__WORK TASK__
Retype the listing that follows without a single change.

═════ PROVIDED RECORDS ═════

lemma (in prob_space) nn_integral_exp_le_quadratic:
  fixes Z :: "'a \<Rightarrow> real"
  assumes Z: "integrable M Z" and d: "d \<le> 1"
    and AE: "AE \<omega> in M. \<bar>r * (Z \<omega> - z)\<bar> \<le> d"
  shows "(\<integral>\<^sup>+\<omega>. ennreal (exp (r * Z \<omega>)) \<partial>M) \<le> ennreal (exp (r * z) * (1 + r * (expectation Z - z) + d\<^sup>2))"
proof -
  define g where "g = (\<lambda>\<omega>. exp (r * z) * (1 + r * (Z \<omega> - z) + d\<^sup>2))"
  have AE_g: "AE \<omega> in M. exp (r * Z \<omega>) \<le> g \<omega> \<and> 0 \<le> g \<omega>"
    using AE
  proof eventually_elim
    case (elim \<omega>)
    define D where "D = r * (Z \<omega> - z)"
    have D: "\<bar>D\<bar> \<le> d" using elim by (simp add: D_def)
    then have D2: "D\<^sup>2 \<le> d\<^sup>2" by (metis abs_ge_zero power2_abs power_mono)
    have "exp (r * Z \<omega>) = exp (r * z) * exp D" by (simp add: D_def exp_add[symmetric] algebra_simps)
    also have "\<dots> \<le> exp (r * z) * (1 + D + D\<^sup>2)" using D d by (intro mult_left_mono exp_le_quadratic) auto
    also have "\<dots> \<le> g \<omega>" using D2 by (simp add: g_def D_def)
    finally have "exp (r * Z \<omega>) \<le> g \<omega>" .
    moreover have "0 \<le> 1 + D + d\<^sup>2" using D d zero_le_power2[of d] unfolding abs_le_iff by linarith
    ultimately show ?case by (simp add: g_def D_def)
  qed
  have "integrable M g" unfolding g_def using Z by simp
  have "(\<integral>\<^sup>+\<omega>. ennreal (exp (r * Z \<omega>)) \<partial>M) \<le> (\<integral>\<^sup>+\<omega>. ennreal (g \<omega>) \<partial>M)"
    using AE_g by (intro nn_integral_mono_AE) (auto elim!: eventually_mono intro: ennreal_leI)
  also have "\<dots> = ennreal (expectation g)"
    using AE_g by (intro nn_integral_eq_integral \<open>integrable M g\<close>) (auto elim!: eventually_mono)
  also have "expectation g = exp (r * z) * (1 + r * (expectation Z - z) + d\<^sup>2)"
    unfolding g_def using Z by (simp add: prob_space algebra_simps)
  finally show ?thesis .
qed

═════

__RESULT OF THIS EXERCISE__
lemma (in prob_space) nn_integral_exp_le_quadratic:
  fixes Z :: "'a \<Rightarrow> real"
  assumes Z: "integrable M Z" and d: "d \<le> 1"
    and AE: "AE \<omega> in M. \<bar>r * (Z \<omega> - z)\<bar> \<le> d"
  shows "(\<integral>\<^sup>+\<omega>. ennreal (exp (r * Z \<omega>)) \<partial>M) \<le> ennreal (exp (r * z) * (1 + r * (expectation Z - z) + d\<^sup>2))"
proof -
  define g where "g = (\<lambda>\<omega>. exp (r * z) * (1 + r * (Z \<omega> - z) + d\<^sup>2))"
  have AE_g: "AE \<omega> in M. exp (r * Z \<omega>) \<le> g \<omega> \<and> 0 \<le> g \<omega>"
    using AE
  proof eventually_elim
    case (elim \<omega>)
    define D where "D = r * (Z \<omega> - z)"
    have D: "\<bar>D\<bar> \<le> d" using elim by (simp add: D_def)
    then have D2: "D\<^sup>2 \<le> d\<^sup>2" by (metis abs_ge_zero power2_abs power_mono)
    have "exp (r * Z \<omega>) = exp (r * z) * exp D" by (simp add: D_def exp_add[symmetric] algebra_simps)
    also have "\<dots> \<le> exp (r * z) * (1 + D + D\<^sup>2)" using D d by (intro mult_left_mono exp_le_quadratic) auto
    also have "\<dots> \<le> g \<omega>" using D2 by (simp add: g_def D_def)
    finally have "exp (r * Z \<omega>) \<le> g \<omega>" .
    moreover have "0 \<le> 1 + D + d\<^sup>2" using D d zero_le_power2[of d] unfolding abs_le_iff by linarith
    ultimately show ?case by (simp add: g_def D_def)
  qed
  have "integrable M g" unfolding g_def using Z by simp
  have "(\<integral>\<^sup>+\<omega>. ennreal (exp (r * Z \<omega>)) \<partial>M) \<le> (\<integral>\<^sup>+\<omega>. ennreal (g \<omega>) \<partial>M)"
    using AE_g by (intro nn_integral_mono_AE) (auto elim!: eventually_mono intro: ennreal_leI)
  also have "\<dots> = ennreal (expectation g)"
    using AE_g by (intro nn_integral_eq_integral \<open>integrable M g\<close>) (auto elim!: eventually_mono)
  also have "expectation g = exp (r * z) * (1 + r * (expectation Z - z) + d\<^sup>2)"
    unfolding g_def using Z by (simp add: prob_space algebra_simps)
  finally show ?thesis .
qed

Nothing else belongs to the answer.